Brother Theo smiles thoughtfully. ‘I make the same kind of distinction I make about freedom. If the West Papuans opt for war, if they feel they have the right to do it, I think I can accept it. I think it is one of the fundamental rights of people to look for their way out.’
Were Father Theo not a churchman, you sense he might also agree that, if not this year, then in time the Papuans should be helped to repel their invaders.
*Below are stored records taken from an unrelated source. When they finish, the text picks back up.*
(* Let $\alpha,\beta$ be words over $X$ such that the word $\alpha\beta$ has no repeated letters and $|\alpha|$ and $|\beta|$ are both even, and let $x$ be any letter occurring in $\beta$. Then $$f[\alpha]\,f[\alpha\beta]=\sum_{y} s(\beta,xy)\,f[\alpha xy]\,f[(\alpha\beta)\setminus xy],$$ where the sum runs over all $y\in X$; only the letters $y\neq x$ of $\beta$ give nonzero terms.
   Context: Setting. Let $X$ be a set and $R$ a commutative ring. Let $f$ assign to each ordered pair $(x,y)\in X\times X$ an element $f[xy]\in R$, subject to $f[xy]=-f[yx]$ and $f[xx]=0$ for all $x,y\in X$. Words. A word is a finite sequence of elements (letters) of $X$. Concatenation is written by juxtaposition, $\epsilon$ is the empty word, and $|\alpha|$ is the length of $\alpha$. For words $\alpha,\beta$, the word $\alpha\setminus\beta$ is obtained from $\alpha$ by deleting every letter that occurs in $\beta$. For example, $(\alpha\beta)\setminus xy$ means $\alpha\beta$ with the letters $x$ and $y$ deleted. Sign. For words $\alpha,\beta$, set $s(\alpha,\beta)=0$ if $\alpha$ or $\beta$ has a repeated letter, or if $\beta$ contains a letter not in $\alpha$. Otherwise $s(\alpha,\beta)\in\{\pm1\}$ is the sign of the permutation that rearranges $\alpha$ into the word $\beta(\alpha\setminus\beta)$. Pfaffian. Let $\alpha=x_1\ldots x_{2n}$ be a word with distinct letters. Then $$f[\alpha]=\sum s(\alpha,y_1\ldots y_{2n})\,f[y_1y_2]\cdots f[y_{2n-1}y_{2n}],$$ where the sum is over the $(2n-1)(2n-3)\cdots1$ partitions of $\{x_1,\ldots,x_{2n}\}$ into pairs $\{y_1,y_2\},\ldots,\{y_{2n-1},y_{2n}\}$. Each term does not depend on the order in which the pairs or their elements are listed. Further conventions: $f[\epsilon]=1$; $f[\alpha]=0$ if $\alpha$ has a repeated letter; and $f[\alpha]=0$ if $|\alpha|$ is odd. For a two-letter word this agrees with the given value $f[xy]$. *)

theory Defs
  imports "HOL-Combinatorics.Permutations"
begin

definition del_letters :: "'a list \<Rightarrow> 'a list \<Rightarrow> 'a list" where
  "del_letters \<alpha> \<beta> = filter (\<lambda>z. z \<notin> set \<beta>) \<alpha>"

definition word_sign :: "'a list \<Rightarrow> 'a list \<Rightarrow> 'r::comm_ring_1" where
  "word_sign \<alpha> \<beta> =
     (if distinct \<alpha> \<and> distinct \<beta> \<and> set \<beta> \<subseteq> set \<alpha> then
        (let \<gamma> = \<beta> @ del_letters \<alpha> \<beta>;
             p = (THE p. p permutes {..<length \<alpha>} \<and>
                         (\<forall>i<length \<alpha>. \<gamma> ! i = \<alpha> ! p i))
         in of_int (sign p))
      else 0)"

definition pair_partitions :: "'a set \<Rightarrow> 'a set set set" where
  "pair_partitions A = {M. (\<forall>P\<in>M. P \<subseteq> A \<and> card P = 2) \<and>
                           (\<forall>P\<in>M. \<forall>Q\<in>M. P \<noteq> Q \<longrightarrow> P \<inter> Q = {}) \<and> \<Union>M = A}"

definition lists_pairing :: "'a set set \<Rightarrow> 'a list \<Rightarrow> bool" where
  "lists_pairing M ys \<longleftrightarrow> distinct ys \<and> even (length ys) \<and>
     M = {{ys ! (2*i), ys ! (2*i+1)} | i. i < length ys div 2}"

text \<open>Pfaffian f[alpha]. Each term is independent of the listing chosen.\<close>
definition pf :: "('a \<Rightarrow> 'a \<Rightarrow> 'r::comm_ring_1) \<Rightarrow> 'a list \<Rightarrow> 'r" where
  "pf f \<alpha> =
     (if distinct \<alpha> \<and> even (length \<alpha>) then
        (\<Sum>M\<in>pair_partitions (set \<alpha>).
           (let ys = (SOME ys. lists_pairing M ys)
            in word_sign \<alpha> ys * (\<Prod>i<length ys div 2. f (ys ! (2*i)) (ys ! (2*i+1)))))
      else 0)"

end

theory Submission
  imports Defs
begin

text \<open>
  Both sides are evaluated with the expansion of the Pfaffian along its first letter,
  f[x\<gamma>] = \<Sum>y (-1)^pos(y) f[xy] f[\<gamma>\y], where pos(y) is the position of y in \<gamma>
  counted from 0. It agrees with the sum over pair partitions because, for antisymmetric f,
  the term of a partition does not depend on how its pairs are listed. For the expansion two
  identities are proved together by induction on |\<alpha>| + |\<beta>|: for even |\<alpha>|,
  f[\<alpha>] f[x\<alpha>\<beta>] = \<Sum>y\<in>\<beta> (-1)^pos(y) f[xy\<alpha>] f[\<alpha>(\<beta>\y)],
  and for odd |\<alpha>| the sum \<Sum>y\<in>\<beta> (-1)^pos(y) f[y\<alpha>] f[\<alpha>(\<beta>\y)] vanishes.
  Expanding along x, respectively along the first letter of \<beta>, reduces each identity to
  instances of the other on shorter words. The theorem is the first identity after moving x
  to the front of \<beta>.
\<close>

section \<open>Positions and alternating functions of words\<close>

fun pos :: "'a list \<Rightarrow> 'a \<Rightarrow> nat" where
  "pos [] y = 0"
| "pos (a # xs) y = (if a = y then 0 else Suc (pos xs y))"

lemma pos_append: "pos (xs @ ys) y = (if y \<in> set xs then pos xs y else length xs + pos ys y)"
  by (induction xs) auto

lemma pos_less_length: "y \<in> set xs \<Longrightarrow> pos xs y < length xs"
  by (induction xs) auto

lemma nth_pos: "y \<in> set xs \<Longrightarrow> xs ! pos xs y = y"
  by (induction xs) auto

lemma pos_nth: "distinct xs \<Longrightarrow> i < length xs \<Longrightarrow> pos xs (xs ! i) = i"
proof (induction xs arbitrary: i)
  case (Cons a xs)
  then show ?case by (cases i) auto
qed simp

lemma pos_remove1:
  assumes "distinct xs" "y \<in> set xs" "u \<in> set xs" "u \<noteq> y"
  shows "pos (remove1 y xs) u = (if pos xs y < pos xs u then pos xs u - 1 else pos xs u)"
  using assms
proof (induction xs)
  case (Cons a xs)
  show ?case
  proof (cases "a = y \<or> a = u")
    case False
    then have "y \<in> set xs" "u \<in> set xs" using Cons.prems by auto
    moreover have "0 < pos xs u" if "pos xs y < pos xs u" using that by auto
    ultimately show ?thesis using Cons.IH Cons.prems False by auto
  qed (use Cons.prems in auto)
qed simp

text \<open>The exponent counts the transpositions that bring y and then u to the front of xs.\<close>
lemma minus_one_power_pos_remove1_swap:
  assumes "distinct xs" "y \<in> set xs" "u \<in> set xs" "u \<noteq> y"
  shows "(-1::'r::comm_ring_1) ^ (pos xs y + pos (remove1 y xs) u)
       = - ((-1) ^ (pos xs u + pos (remove1 u xs) y))"
proof -
  have "pos xs y \<noteq> pos xs u" using assms nth_pos by metis
  then consider "pos xs y < pos xs u" | "pos xs u < pos xs y" by linarith
  then show ?thesis
  proof cases
    case 1
    then have "pos xs u + pos (remove1 u xs) y = Suc (pos xs y + pos (remove1 y xs) u)"
      using pos_remove1[OF assms] pos_remove1[OF assms(1,3,2)] assms(4) by auto
    then show ?thesis by simp
  next
    case 2
    then have "pos xs y + pos (remove1 y xs) u = Suc (pos xs u + pos (remove1 u xs) y)"
      using pos_remove1[OF assms] pos_remove1[OF assms(1,3,2)] assms(4) by auto
    then show ?thesis by simp
  qed
qed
But that moment will not bring back the Dani and the Yali and the Nduga and the Amungme as they were: as the keepers of the mountains of their ancestors, and the lazy improvisers of punning epic poems; the diggers of fields in which a mountain sun flashes in the irrigation channels at midday; the master-builders of stone fences and precipitous villages that hang, like brown fruit, from the geometrical mountainside; the cheerful warriors anticipating their next scrap, smacking their lips at the taste of a visitor’s Earl Grey tea. It will not revive the generosity of a Hetigima man who presented me with his bow and arrows, the swaggering bravery of another who guided me through enemy territory for the hell of it, nor the curiosity of a little girl who brought her pet piglet to be inspected. By the time it comes, the peoples’ stone fetishes will no longer possess gender and spirituality. Their chiefs will no longer indulge in realpolitik with the missionaries, taking their people to church on Sundays, so they can get on with their pig-stealing and fighting and enjoyment of a joke undisturbed the rest of the week. The nights will no longer be spirit-filled, nor the days lived for the pleasure of the moment. The highland valleys will never again be magically secret and fresh.
And who, in the meantime, because it is the one reparation we can make for the timidity of thirty-three years ago and the future fare of monoculture we’re thrusting on the Papuans by proxy – the developed nations’ sole gift to anyone who lives differently – will take their case back to the United Nations?